• Problem requirements: In the records below, find the line holding "invertible_elem t \<and>" and the line holding "define V where". Set down both, with every line between them, exactly.

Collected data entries
──────────

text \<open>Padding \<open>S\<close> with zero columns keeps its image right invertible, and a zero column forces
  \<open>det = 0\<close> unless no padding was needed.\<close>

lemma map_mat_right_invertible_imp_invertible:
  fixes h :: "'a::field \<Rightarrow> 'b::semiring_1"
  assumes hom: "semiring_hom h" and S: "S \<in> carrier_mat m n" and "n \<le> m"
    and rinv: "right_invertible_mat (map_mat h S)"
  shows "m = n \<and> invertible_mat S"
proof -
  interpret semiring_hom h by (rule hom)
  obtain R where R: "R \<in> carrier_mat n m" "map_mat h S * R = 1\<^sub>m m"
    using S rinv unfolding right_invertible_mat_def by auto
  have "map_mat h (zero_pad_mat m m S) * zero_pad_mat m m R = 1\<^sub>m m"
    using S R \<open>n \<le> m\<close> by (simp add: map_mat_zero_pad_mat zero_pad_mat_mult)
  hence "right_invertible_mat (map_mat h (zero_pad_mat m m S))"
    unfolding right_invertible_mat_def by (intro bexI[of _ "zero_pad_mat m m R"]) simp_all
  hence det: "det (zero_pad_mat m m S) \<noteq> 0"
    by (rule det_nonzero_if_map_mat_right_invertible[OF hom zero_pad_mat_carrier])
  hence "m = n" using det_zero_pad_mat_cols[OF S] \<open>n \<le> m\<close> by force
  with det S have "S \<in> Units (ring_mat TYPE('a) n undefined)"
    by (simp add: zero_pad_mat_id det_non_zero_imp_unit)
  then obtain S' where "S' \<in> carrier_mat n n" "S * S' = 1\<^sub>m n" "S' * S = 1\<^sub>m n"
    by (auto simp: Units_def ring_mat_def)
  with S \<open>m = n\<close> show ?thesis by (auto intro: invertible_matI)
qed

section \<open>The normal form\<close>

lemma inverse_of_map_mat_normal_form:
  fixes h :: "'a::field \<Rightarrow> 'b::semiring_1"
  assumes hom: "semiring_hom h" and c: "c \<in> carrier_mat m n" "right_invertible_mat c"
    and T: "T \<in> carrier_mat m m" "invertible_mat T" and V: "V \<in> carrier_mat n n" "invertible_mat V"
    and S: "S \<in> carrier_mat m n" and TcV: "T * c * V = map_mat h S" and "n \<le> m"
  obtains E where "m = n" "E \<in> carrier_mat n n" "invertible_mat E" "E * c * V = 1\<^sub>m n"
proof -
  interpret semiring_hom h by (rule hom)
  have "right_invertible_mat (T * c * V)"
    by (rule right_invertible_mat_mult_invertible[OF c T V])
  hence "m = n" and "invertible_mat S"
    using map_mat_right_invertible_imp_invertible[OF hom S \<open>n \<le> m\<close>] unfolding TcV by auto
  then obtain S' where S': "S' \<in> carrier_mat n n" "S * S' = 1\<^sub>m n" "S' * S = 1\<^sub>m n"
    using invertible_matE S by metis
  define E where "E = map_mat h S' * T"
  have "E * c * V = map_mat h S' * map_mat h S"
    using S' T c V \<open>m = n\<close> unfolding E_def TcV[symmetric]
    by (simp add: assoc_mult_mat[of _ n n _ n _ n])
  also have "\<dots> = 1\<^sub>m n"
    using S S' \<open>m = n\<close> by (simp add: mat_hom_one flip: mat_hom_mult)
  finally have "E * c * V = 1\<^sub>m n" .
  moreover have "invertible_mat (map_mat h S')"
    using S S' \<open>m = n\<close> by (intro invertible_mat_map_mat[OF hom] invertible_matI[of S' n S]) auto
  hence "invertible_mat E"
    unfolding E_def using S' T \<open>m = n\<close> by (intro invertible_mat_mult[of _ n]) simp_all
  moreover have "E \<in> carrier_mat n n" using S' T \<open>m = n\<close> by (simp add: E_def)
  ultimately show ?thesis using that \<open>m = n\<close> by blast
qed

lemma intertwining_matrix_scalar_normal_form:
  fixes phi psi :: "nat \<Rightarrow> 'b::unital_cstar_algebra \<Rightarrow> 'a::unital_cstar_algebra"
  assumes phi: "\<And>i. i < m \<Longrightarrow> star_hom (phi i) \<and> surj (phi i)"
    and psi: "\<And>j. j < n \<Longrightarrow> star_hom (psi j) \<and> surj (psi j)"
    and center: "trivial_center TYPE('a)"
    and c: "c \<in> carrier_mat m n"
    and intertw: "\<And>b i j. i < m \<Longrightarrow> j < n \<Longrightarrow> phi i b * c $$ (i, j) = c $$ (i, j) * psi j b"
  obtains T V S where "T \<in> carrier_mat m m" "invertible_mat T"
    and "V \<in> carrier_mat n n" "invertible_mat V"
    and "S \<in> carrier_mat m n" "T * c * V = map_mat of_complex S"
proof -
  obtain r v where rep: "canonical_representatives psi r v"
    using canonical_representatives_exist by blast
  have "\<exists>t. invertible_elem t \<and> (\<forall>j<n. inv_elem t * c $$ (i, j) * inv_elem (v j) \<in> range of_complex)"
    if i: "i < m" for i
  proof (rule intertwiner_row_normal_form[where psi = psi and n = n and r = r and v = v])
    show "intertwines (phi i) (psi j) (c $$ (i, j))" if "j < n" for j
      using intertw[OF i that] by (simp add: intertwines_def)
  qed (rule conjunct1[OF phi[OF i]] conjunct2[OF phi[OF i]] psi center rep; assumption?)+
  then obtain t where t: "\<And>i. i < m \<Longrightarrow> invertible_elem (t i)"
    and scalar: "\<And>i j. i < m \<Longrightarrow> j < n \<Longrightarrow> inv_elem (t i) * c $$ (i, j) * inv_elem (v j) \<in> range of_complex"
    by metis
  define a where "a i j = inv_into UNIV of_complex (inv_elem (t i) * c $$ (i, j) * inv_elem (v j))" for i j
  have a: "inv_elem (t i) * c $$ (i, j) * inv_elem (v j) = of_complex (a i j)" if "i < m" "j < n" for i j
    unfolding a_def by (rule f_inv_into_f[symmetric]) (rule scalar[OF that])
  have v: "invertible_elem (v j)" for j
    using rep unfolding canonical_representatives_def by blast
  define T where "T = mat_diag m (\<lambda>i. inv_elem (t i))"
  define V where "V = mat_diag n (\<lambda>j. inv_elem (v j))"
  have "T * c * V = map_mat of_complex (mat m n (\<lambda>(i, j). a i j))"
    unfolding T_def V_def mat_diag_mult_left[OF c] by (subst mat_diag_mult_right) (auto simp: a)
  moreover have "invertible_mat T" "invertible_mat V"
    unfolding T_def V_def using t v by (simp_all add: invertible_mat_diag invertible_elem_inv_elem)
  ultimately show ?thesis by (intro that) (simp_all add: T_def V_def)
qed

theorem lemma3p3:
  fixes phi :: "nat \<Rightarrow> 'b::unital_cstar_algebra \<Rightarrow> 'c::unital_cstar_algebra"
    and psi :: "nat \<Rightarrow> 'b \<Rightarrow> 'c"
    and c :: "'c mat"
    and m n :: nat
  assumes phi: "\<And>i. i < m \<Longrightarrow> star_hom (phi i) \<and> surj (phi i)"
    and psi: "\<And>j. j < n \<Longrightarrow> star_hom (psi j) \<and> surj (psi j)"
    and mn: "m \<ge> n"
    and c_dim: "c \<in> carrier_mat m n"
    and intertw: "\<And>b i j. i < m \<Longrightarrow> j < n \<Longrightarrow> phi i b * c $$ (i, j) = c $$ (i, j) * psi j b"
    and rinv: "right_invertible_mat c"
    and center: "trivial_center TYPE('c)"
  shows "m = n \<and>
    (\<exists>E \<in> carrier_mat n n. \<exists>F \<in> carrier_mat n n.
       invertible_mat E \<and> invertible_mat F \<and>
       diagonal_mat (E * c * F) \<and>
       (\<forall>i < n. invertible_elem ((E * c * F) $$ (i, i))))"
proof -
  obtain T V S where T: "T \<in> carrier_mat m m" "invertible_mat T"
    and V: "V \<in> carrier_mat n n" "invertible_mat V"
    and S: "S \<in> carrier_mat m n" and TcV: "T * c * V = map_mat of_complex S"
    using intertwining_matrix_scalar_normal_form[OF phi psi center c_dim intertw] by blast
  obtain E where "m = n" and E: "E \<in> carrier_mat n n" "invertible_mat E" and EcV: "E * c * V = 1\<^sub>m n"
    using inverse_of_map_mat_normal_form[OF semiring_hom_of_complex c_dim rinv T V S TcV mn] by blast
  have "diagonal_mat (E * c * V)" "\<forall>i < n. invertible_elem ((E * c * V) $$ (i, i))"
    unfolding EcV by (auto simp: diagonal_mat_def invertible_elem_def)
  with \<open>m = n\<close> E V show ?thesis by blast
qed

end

──────────

• Problem solution:
  have "\<exists>t. invertible_elem t \<and> (\<forall>j<n. inv_elem t * c $$ (i, j) * inv_elem (v j) \<in> range of_complex)"
    if i: "i < m" for i
  proof (rule intertwiner_row_normal_form[where psi = psi and n = n and r = r and v = v])
    show "intertwines (phi i) (psi j) (c $$ (i, j))" if "j < n" for j
      using intertw[OF i that] by (simp add: intertwines_def)
  qed (rule conjunct1[OF phi[OF i]] conjunct2[OF phi[OF i]] psi center rep; assumption?)+
  then obtain t where t: "\<And>i. i < m \<Longrightarrow> invertible_elem (t i)"
    and scalar: "\<And>i j. i < m \<Longrightarrow> j < n \<Longrightarrow> inv_elem (t i) * c $$ (i, j) * inv_elem (v j) \<in> range of_complex"
    by metis
  define a where "a i j = inv_into UNIV of_complex (inv_elem (t i) * c $$ (i, j) * inv_elem (v j))" for i j
  have a: "inv_elem (t i) * c $$ (i, j) * inv_elem (v j) = of_complex (a i j)" if "i < m" "j < n" for i j
    unfolding a_def by (rule f_inv_into_f[symmetric]) (rule scalar[OF that])
  have v: "invertible_elem (v j)" for j
    using rep unfolding canonical_representatives_def by blast
  define T where "T = mat_diag m (\<lambda>i. inv_elem (t i))"
  define V where "V = mat_diag n (\<lambda>j. inv_elem (v j))"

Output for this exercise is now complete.